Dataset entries
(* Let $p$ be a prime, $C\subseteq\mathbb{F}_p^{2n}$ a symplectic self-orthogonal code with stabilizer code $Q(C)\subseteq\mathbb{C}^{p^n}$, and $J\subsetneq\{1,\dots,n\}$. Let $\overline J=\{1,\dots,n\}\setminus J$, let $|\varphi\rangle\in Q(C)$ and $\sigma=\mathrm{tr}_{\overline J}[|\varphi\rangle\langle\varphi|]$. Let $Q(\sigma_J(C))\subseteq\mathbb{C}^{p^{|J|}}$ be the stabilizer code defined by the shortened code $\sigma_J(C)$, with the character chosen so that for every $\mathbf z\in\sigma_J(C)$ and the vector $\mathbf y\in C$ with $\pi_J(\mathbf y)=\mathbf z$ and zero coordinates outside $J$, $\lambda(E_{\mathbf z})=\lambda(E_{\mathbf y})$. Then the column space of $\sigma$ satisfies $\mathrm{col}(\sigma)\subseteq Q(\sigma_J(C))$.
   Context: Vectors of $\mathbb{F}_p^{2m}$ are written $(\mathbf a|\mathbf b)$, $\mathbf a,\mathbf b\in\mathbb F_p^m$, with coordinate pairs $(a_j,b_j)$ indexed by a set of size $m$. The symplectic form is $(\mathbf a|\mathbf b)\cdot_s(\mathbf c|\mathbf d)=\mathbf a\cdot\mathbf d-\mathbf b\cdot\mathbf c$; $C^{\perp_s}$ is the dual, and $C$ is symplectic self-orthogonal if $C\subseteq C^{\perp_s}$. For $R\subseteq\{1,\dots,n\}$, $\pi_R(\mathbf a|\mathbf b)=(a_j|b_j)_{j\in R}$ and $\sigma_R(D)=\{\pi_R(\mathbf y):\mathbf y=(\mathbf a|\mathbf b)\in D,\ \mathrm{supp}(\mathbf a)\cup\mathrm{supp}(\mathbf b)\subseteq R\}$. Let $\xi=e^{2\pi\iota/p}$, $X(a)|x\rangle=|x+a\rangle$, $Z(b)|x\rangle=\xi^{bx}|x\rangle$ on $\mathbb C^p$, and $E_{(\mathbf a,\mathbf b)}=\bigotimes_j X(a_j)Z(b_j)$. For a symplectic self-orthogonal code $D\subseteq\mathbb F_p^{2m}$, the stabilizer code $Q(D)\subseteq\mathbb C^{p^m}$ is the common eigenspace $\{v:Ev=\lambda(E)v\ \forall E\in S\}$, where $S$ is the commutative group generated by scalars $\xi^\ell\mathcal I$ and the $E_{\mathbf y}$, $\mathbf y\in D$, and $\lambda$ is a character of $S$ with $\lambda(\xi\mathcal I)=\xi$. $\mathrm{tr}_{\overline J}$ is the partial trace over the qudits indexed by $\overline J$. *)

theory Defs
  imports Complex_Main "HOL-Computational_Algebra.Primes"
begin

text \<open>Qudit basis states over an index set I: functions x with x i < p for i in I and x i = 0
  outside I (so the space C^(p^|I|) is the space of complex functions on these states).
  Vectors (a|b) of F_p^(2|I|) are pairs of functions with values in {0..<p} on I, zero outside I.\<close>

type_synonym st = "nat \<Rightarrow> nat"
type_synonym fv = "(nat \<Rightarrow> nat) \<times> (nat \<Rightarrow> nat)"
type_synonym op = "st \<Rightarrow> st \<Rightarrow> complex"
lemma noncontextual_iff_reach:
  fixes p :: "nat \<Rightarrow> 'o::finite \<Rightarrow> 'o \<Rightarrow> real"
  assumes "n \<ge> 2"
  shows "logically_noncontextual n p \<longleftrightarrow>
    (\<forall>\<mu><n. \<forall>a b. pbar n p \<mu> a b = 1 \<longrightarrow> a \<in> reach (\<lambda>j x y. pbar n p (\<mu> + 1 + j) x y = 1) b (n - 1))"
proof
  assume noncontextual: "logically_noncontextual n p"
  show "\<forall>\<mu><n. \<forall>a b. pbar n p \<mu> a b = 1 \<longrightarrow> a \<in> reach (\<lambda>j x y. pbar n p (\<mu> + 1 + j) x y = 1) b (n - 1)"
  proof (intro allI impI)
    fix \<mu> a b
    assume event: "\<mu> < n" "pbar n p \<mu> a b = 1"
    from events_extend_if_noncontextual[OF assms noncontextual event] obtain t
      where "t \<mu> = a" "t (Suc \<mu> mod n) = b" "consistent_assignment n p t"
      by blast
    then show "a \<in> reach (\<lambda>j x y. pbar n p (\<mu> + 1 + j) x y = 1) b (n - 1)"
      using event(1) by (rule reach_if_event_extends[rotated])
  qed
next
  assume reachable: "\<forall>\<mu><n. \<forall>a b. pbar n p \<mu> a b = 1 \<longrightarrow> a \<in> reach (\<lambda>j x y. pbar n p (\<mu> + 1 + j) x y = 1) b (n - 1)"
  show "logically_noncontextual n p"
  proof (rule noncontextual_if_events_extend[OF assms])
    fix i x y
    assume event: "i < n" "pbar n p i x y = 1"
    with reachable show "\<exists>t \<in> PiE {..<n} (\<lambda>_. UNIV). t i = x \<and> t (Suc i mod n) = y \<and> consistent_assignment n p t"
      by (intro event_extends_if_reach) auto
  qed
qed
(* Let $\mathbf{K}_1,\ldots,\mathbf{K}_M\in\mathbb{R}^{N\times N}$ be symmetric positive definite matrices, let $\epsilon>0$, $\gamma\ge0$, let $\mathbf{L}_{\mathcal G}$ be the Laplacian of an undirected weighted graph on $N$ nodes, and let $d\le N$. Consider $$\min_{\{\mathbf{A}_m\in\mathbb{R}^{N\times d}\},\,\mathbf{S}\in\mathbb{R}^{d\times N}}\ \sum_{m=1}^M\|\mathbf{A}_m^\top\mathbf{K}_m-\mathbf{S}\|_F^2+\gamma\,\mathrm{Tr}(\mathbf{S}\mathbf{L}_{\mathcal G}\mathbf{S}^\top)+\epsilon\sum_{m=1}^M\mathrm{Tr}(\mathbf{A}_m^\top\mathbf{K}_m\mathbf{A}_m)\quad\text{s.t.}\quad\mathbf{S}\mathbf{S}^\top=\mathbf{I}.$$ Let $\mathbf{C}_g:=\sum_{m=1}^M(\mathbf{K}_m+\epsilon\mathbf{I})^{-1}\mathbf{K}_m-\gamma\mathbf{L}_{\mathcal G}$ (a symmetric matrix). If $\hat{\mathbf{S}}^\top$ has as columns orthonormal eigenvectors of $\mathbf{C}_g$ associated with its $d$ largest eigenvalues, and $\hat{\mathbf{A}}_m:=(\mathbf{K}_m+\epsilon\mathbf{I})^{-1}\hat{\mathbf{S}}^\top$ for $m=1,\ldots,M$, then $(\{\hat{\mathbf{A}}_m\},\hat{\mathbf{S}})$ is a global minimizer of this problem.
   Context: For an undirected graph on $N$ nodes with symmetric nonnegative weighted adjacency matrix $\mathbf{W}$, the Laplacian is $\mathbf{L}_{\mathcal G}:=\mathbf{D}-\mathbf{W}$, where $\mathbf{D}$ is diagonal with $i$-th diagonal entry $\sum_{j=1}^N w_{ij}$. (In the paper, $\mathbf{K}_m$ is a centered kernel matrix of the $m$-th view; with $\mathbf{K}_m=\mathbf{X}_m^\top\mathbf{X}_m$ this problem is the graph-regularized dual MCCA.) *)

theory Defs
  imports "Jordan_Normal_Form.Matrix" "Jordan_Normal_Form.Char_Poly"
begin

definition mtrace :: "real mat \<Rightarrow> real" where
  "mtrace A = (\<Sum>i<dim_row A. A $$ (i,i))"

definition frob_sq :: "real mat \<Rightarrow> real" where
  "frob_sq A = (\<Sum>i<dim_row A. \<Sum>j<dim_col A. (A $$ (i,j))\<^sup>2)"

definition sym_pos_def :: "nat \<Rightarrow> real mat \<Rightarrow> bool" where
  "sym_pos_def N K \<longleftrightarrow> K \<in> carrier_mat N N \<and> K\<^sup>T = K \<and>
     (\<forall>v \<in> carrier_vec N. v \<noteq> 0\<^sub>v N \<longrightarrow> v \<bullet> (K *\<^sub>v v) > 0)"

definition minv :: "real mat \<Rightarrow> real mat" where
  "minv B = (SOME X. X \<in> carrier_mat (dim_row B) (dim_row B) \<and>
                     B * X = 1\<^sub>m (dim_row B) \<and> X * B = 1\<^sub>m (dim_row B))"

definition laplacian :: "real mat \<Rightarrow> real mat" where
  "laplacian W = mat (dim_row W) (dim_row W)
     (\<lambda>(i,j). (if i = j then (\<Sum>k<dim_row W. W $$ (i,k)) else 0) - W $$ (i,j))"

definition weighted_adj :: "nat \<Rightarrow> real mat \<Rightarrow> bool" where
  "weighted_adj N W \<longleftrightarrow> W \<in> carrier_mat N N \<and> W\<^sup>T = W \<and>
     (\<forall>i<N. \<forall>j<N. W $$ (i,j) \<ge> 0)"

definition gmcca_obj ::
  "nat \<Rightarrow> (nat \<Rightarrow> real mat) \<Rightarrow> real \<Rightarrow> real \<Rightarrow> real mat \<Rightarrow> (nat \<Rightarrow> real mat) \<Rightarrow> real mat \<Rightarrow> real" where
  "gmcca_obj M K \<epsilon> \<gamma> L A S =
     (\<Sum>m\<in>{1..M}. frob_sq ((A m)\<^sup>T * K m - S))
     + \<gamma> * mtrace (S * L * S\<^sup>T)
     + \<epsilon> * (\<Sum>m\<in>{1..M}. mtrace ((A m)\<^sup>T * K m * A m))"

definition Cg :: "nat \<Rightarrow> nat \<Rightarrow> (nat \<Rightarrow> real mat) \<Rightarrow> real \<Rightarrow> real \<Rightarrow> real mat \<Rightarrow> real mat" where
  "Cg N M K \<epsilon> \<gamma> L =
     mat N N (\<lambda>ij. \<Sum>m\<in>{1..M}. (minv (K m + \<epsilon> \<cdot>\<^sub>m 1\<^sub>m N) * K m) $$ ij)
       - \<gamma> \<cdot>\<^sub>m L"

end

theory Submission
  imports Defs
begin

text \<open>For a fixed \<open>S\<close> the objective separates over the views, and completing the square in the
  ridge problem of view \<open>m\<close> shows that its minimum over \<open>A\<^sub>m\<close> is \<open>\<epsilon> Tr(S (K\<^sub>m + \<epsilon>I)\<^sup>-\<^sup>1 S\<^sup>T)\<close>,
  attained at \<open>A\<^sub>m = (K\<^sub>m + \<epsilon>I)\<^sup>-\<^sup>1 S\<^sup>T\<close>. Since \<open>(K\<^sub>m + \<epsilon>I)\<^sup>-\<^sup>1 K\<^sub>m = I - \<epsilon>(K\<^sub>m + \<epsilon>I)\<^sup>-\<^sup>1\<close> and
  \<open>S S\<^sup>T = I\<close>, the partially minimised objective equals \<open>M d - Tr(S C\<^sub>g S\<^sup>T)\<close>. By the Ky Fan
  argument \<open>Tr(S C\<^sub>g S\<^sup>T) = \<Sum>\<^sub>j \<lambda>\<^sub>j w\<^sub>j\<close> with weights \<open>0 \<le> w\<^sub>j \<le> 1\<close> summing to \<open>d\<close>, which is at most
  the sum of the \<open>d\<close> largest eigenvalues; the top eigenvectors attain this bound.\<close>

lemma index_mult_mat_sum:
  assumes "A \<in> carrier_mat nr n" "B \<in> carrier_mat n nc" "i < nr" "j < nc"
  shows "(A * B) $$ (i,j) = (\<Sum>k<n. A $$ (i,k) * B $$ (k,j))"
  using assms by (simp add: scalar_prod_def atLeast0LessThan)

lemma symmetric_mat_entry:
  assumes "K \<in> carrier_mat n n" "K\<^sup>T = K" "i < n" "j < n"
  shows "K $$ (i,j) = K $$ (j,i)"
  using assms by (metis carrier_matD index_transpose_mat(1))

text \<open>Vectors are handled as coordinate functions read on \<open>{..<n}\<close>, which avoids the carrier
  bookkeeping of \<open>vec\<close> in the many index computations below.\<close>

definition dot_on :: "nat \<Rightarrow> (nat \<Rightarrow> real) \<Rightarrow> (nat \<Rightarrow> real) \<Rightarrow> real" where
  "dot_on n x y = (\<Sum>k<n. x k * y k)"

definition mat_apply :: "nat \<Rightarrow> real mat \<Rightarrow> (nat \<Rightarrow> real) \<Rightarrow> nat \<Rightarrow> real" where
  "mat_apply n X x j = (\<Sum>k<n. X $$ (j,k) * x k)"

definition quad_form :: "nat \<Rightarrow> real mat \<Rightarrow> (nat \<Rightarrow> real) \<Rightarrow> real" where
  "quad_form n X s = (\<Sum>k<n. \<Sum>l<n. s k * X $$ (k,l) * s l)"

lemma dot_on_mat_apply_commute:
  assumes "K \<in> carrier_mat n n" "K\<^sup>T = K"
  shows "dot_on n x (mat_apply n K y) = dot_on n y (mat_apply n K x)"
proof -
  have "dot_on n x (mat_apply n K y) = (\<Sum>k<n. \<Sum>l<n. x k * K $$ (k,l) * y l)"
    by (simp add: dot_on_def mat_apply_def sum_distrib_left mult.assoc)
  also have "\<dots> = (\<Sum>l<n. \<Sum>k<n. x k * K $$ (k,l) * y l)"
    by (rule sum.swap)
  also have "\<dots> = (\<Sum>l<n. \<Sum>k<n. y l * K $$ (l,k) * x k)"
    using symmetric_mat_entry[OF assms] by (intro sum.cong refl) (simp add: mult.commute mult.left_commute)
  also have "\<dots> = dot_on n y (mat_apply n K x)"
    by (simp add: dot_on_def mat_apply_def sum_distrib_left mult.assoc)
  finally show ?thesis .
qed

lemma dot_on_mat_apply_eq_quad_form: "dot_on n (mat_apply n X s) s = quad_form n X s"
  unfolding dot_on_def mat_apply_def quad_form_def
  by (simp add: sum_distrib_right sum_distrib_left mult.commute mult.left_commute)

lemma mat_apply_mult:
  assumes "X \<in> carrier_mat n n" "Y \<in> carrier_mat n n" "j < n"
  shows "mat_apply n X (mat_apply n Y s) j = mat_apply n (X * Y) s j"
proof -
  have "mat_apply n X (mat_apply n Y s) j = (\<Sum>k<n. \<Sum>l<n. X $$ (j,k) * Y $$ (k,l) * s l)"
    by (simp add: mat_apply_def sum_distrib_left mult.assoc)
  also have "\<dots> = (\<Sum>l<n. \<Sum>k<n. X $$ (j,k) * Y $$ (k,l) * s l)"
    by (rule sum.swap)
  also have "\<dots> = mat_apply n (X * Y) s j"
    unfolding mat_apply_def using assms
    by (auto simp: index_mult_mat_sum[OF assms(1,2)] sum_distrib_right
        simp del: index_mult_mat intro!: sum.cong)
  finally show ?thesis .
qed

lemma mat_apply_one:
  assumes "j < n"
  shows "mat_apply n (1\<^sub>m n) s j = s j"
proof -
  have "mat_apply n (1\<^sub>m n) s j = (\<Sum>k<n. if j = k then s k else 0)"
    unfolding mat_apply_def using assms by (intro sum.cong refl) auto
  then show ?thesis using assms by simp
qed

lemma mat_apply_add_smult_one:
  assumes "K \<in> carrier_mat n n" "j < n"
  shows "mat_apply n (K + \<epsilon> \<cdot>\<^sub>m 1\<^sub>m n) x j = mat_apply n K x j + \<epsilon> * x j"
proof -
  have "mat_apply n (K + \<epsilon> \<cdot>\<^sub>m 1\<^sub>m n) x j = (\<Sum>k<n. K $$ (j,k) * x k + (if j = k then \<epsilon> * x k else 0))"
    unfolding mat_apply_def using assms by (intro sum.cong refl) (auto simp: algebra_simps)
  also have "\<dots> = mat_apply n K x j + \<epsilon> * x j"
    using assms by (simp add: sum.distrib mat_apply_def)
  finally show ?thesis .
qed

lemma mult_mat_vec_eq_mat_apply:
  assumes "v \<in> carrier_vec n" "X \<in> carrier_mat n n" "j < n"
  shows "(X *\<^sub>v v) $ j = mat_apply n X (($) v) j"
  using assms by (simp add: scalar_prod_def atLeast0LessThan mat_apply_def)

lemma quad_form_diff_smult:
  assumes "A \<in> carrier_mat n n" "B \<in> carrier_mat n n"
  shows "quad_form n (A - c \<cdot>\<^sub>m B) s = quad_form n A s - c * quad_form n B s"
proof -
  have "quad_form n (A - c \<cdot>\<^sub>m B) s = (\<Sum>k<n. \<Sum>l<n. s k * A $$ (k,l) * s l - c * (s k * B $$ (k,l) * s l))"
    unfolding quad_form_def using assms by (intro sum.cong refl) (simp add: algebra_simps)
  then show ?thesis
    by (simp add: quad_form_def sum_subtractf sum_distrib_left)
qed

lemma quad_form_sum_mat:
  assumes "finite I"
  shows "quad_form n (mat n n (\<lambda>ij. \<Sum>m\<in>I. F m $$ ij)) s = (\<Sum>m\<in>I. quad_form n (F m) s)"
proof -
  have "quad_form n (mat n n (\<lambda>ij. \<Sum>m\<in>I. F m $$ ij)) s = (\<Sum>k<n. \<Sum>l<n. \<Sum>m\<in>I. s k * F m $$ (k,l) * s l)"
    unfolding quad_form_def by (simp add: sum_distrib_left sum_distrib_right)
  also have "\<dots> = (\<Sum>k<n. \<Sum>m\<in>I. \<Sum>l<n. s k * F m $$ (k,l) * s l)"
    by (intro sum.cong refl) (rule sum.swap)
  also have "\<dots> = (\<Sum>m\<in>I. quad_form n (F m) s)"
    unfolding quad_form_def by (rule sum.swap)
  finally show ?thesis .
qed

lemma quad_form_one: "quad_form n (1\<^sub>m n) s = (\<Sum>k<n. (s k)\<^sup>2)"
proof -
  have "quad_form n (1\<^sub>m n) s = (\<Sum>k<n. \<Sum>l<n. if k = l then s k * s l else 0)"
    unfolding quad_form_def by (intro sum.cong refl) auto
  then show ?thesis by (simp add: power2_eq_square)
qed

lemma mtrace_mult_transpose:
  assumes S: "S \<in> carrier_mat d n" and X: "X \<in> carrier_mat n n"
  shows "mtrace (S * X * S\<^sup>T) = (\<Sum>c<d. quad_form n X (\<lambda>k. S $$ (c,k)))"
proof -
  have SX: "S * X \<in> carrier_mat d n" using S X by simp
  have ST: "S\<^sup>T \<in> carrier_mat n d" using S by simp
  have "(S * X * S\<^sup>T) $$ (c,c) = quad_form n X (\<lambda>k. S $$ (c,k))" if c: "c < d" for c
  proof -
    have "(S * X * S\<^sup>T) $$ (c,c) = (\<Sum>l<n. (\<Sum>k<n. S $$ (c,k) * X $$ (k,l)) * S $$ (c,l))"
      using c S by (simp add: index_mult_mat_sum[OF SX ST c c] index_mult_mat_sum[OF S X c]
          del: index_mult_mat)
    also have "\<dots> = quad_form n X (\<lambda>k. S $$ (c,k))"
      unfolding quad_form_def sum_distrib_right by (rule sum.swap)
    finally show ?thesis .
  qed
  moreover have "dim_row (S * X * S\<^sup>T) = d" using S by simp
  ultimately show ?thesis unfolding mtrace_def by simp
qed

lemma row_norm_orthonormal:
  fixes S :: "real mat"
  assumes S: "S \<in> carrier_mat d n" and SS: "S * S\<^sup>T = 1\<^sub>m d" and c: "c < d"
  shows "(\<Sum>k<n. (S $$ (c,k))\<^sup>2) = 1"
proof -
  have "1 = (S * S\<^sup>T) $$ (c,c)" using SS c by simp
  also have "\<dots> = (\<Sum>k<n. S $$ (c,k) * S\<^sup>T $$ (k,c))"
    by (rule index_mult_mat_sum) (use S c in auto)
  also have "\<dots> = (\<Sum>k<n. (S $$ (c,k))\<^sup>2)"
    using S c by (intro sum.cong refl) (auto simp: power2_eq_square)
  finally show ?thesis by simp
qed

## Task goal:
Only a number should be returned: the count of lines above that include "cong".

## Answer section:
8